(* Let $P$ be an $n\times n$ doubly stochastic matrix. Then $P$ is a Sarymsakov matrix if and only if $|F_P(\mathcal A)|>|\mathcal A|$ for every nonempty proper subset $\mathcal A\subsetneq\mathcal N$.
   Context: $\mathcal N=\{1,\ldots,n\}$. A matrix is stochastic if it is entrywise nonnegative with row sums $1$, and doubly stochastic if in addition its column sums are $1$. For stochastic $P$ and $\mathcal A\subseteq\mathcal N$, $F_P(\mathcal A)=\{j:\ p_{ij}>0\text{ for some } i\in\mathcal A\}$. A Sarymsakov matrix is a stochastic $P$ such that for any disjoint nonempty $\mathcal A,\tilde{\mathcal A}\subseteq\mathcal N$, either $F_P(\mathcal A)\cap F_P(\tilde{\mathcal A})\neq\emptyset$, or $F_P(\mathcal A)\cap F_P(\tilde{\mathcal A})=\emptyset$ and $|F_P(\mathcal A)\cup F_P(\tilde{\mathcal A})|>|\mathcal A\cup\tilde{\mathcal A}|$. *)

theory Defs
  imports "HOL-Analysis.Analysis"
begin

text \<open>n x n real matrices are indexed by a finite type 'n; the index set N is UNIV.\<close>

definition stochastic :: "real^'n^'n \<Rightarrow> bool" where
  "stochastic P \<longleftrightarrow> (\<forall>i j. P $ i $ j \<ge> 0) \<and> (\<forall>i. (\<Sum>j\<in>UNIV. P $ i $ j) = 1)"

definition doubly_stochastic :: "real^'n^'n \<Rightarrow> bool" where
  "doubly_stochastic P \<longleftrightarrow> stochastic P \<and> (\<forall>j. (\<Sum>i\<in>UNIV. P $ i $ j) = 1)"

definition F :: "real^'n^'n \<Rightarrow> 'n set \<Rightarrow> 'n set" where
  "F P A = {j. \<exists>i\<in>A. P $ i $ j > 0}"

definition sarymsakov :: "real^'n^'n \<Rightarrow> bool" where
  "sarymsakov P \<longleftrightarrow> stochastic P \<and>
     (\<forall>A B. A \<noteq> {} \<longrightarrow> B \<noteq> {} \<longrightarrow> A \<inter> B = {} \<longrightarrow>
        F P A \<inter> F P B \<noteq> {} \<or>
        (F P A \<inter> F P B = {} \<and> card (F P A \<union> F P B) > card (A \<union> B)))"

end

theory Submission
  imports Defs
begin

text \<open>Summing the entries of a doubly stochastic P over the rows A and the columns F P A counts
  |A| (each row of A carries its whole mass inside F P A) and |F P A| minus the mass that the rows
  outside A put into F P A. Hence |F P A| \<ge> |A|, with equality only if no row of -A reaches F P A,
  i.e. F P A and F P (-A) are disjoint. A Sarymsakov matrix forbids this for the pair A, -A, whose
  images cannot have more than n elements in total. Conversely, for any stochastic P the
  expansion condition gives the Sarymsakov property: apply it to A \<union> B, or, if A \<union> B is
  everything, to A and B separately and add.\<close>

lemma F_Un: "F P (A \<union> B) = F P A \<union> F P B"
  unfolding F_def by auto

lemma stochastic_row_sum_F:
  assumes "stochastic P" and "i \<in> A"
  shows "(\<Sum>j\<in>F P A. P$i$j) = 1"
proof -
  have "(\<Sum>j\<in>F P A. P$i$j) = (\<Sum>j\<in>UNIV. P$i$j)"
  proof (rule sum.mono_neutral_left)
    show "\<forall>j\<in>UNIV - F P A. P$i$j = 0"
      using assms unfolding F_def stochastic_def by (force simp: not_less intro: antisym)
  qed auto
  then show ?thesis
    using assms(1) unfolding stochastic_def by simp
qed

lemma doubly_stochastic_card_F:
  fixes P :: "real^'n^'n"
  assumes "doubly_stochastic P"
  shows "real (card (F P A)) = real (card A) + (\<Sum>j\<in>F P A. \<Sum>i\<in>-A. P$i$j)"
proof -
  have col: "\<And>j. (\<Sum>i\<in>UNIV. P$i$j) = 1" and st: "stochastic P"
    using assms unfolding doubly_stochastic_def by auto
  have split: "(\<Sum>i\<in>UNIV. P$i$j) = (\<Sum>i\<in>A. P$i$j) + (\<Sum>i\<in>-A. P$i$j)" for j
    using sum.union_disjoint[of A "-A" "\<lambda>i. P$i$j"] by (simp add: Compl_partition)
  have "real (card (F P A)) = (\<Sum>j\<in>F P A. \<Sum>i\<in>UNIV. P$i$j)"
    using col by simp
  also have "\<dots> = (\<Sum>i\<in>A. \<Sum>j\<in>F P A. P$i$j) + (\<Sum>j\<in>F P A. \<Sum>i\<in>-A. P$i$j)"
    by (simp add: split sum.distrib sum.swap[of _ "F P A"])
  also have "(\<Sum>i\<in>A. \<Sum>j\<in>F P A. P$i$j) = real (card A)"
    using stochastic_row_sum_F[OF st] by simp
  finally show ?thesis .
qed

lemma doubly_stochastic_card_le_card_F:
  fixes P :: "real^'n^'n"
  assumes "doubly_stochastic P"
  shows "card A \<le> card (F P A)"
proof -
  have "0 \<le> (\<Sum>j\<in>F P A. \<Sum>i\<in>-A. P$i$j)"
    using assms unfolding doubly_stochastic_def stochastic_def by (simp add: sum_nonneg)
  then show ?thesis
    using doubly_stochastic_card_F[OF assms, of A] by linarith
qed

lemma doubly_stochastic_card_F_eq_imp_disjoint:
  fixes P :: "real^'n^'n"
  assumes "doubly_stochastic P" and "card (F P A) = card A"
  shows "F P A \<inter> F P (-A) = {}"
proof -
  have nn: "\<And>i j. P$i$j \<ge> 0"
    using assms(1) unfolding doubly_stochastic_def stochastic_def by auto
  have "(\<Sum>j\<in>F P A. \<Sum>i\<in>-A. P$i$j) = 0"
    using doubly_stochastic_card_F[OF assms(1), of A] assms(2) by simp
  then have "\<forall>j\<in>F P A. \<forall>i\<in>-A. P$i$j = 0"
    using nn by (simp add: sum_nonneg_eq_0_iff sum_nonneg)
  then show ?thesis
    unfolding F_def by fastforce
qed

lemma sarymsakov_F_compl_overlap:
  fixes P :: "real^'n^'n"
  assumes "sarymsakov P" and "A \<noteq> {}" and "A \<subset> UNIV"
  shows "F P A \<inter> F P (-A) \<noteq> {}"
proof
  assume disj: "F P A \<inter> F P (-A) = {}"
  have "card (F P A \<union> F P (-A)) > card (A \<union> -A)"
  proof -
    have "-A \<noteq> {}"
      using assms(3) by auto
    then show ?thesis
      using assms(1,2) disj unfolding sarymsakov_def by (metis Compl_disjoint)
  qed
  moreover have "card (F P A \<union> F P (-A)) \<le> card (A \<union> -A)"
    by (simp add: card_mono)
  ultimately show False
    by simp
qed

lemma expanding_stochastic_imp_sarymsakov:
  fixes P :: "real^'n^'n"
  assumes "stochastic P"
    and expand: "\<forall>A. A \<noteq> {} \<and> A \<subset> UNIV \<longrightarrow> card (F P A) > card A"
  shows "sarymsakov P"
  unfolding sarymsakov_def
proof (intro conjI assms(1) allI impI)
  fix A B :: "'n set"
  assume A: "A \<noteq> {}" and B: "B \<noteq> {}" and AB: "A \<inter> B = {}"
  show "F P A \<inter> F P B \<noteq> {} \<or> (F P A \<inter> F P B = {} \<and> card (F P A \<union> F P B) > card (A \<union> B))"
  proof (cases "F P A \<inter> F P B = {}")
    case disj: True
    have "card (F P A \<union> F P B) > card (A \<union> B)"
    proof (cases "A \<union> B = UNIV")
      case False
      then show ?thesis
        using expand A by (auto simp: F_Un[symmetric])
    next
      case True
      then have "A \<subset> UNIV" "B \<subset> UNIV"
        using A B AB by auto
      then have "card (F P A) > card A" "card (F P B) > card B"
        using expand A B by auto
      then show ?thesis
        using disj AB by (simp add: card_Un_disjoint)
    qed
    then show ?thesis
      using disj by simp
  qed simp
qed

theorem lemma5:
  fixes P :: "real^'n^'n"
  assumes "doubly_stochastic P"
  shows "sarymsakov P \<longleftrightarrow> (\<forall>A. A \<noteq> {} \<and> A \<subset> UNIV \<longrightarrow> card (F P A) > card A)"
proof
  assume "sarymsakov P"
  show "\<forall>A. A \<noteq> {} \<and> A \<subset> UNIV \<longrightarrow> card (F P A) > card A"
  proof (intro allI impI)
    fix A :: "'n set"
    assume "A \<noteq> {} \<and> A \<subset> UNIV"
    then have "F P A \<inter> F P (-A) \<noteq> {}"
      using sarymsakov_F_compl_overlap[OF \<open>sarymsakov P\<close>] by blast
    then have "card (F P A) \<noteq> card A"
      using doubly_stochastic_card_F_eq_imp_disjoint[OF assms] by blast
    then show "card (F P A) > card A"
      using doubly_stochastic_card_le_card_F[OF assms, of A] by linarith
  qed
next
  assume "\<forall>A. A \<noteq> {} \<and> A \<subset> UNIV \<longrightarrow> card (F P A) > card A"
  then show "sarymsakov P"
    using assms expanding_stochastic_imp_sarymsakov unfolding doubly_stochastic_def by blast
qed

end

++++++++++

#### Instructions to follow:
What are the lines from the one with "using assms expanding_stochastic_imp_sarymsakov" through the end of the records above? Set them down exactly, both ends included, and nothing else.

#### Your response:
    using assms expanding_stochastic_imp_sarymsakov unfolding doubly_stochastic_def by blast
qed

end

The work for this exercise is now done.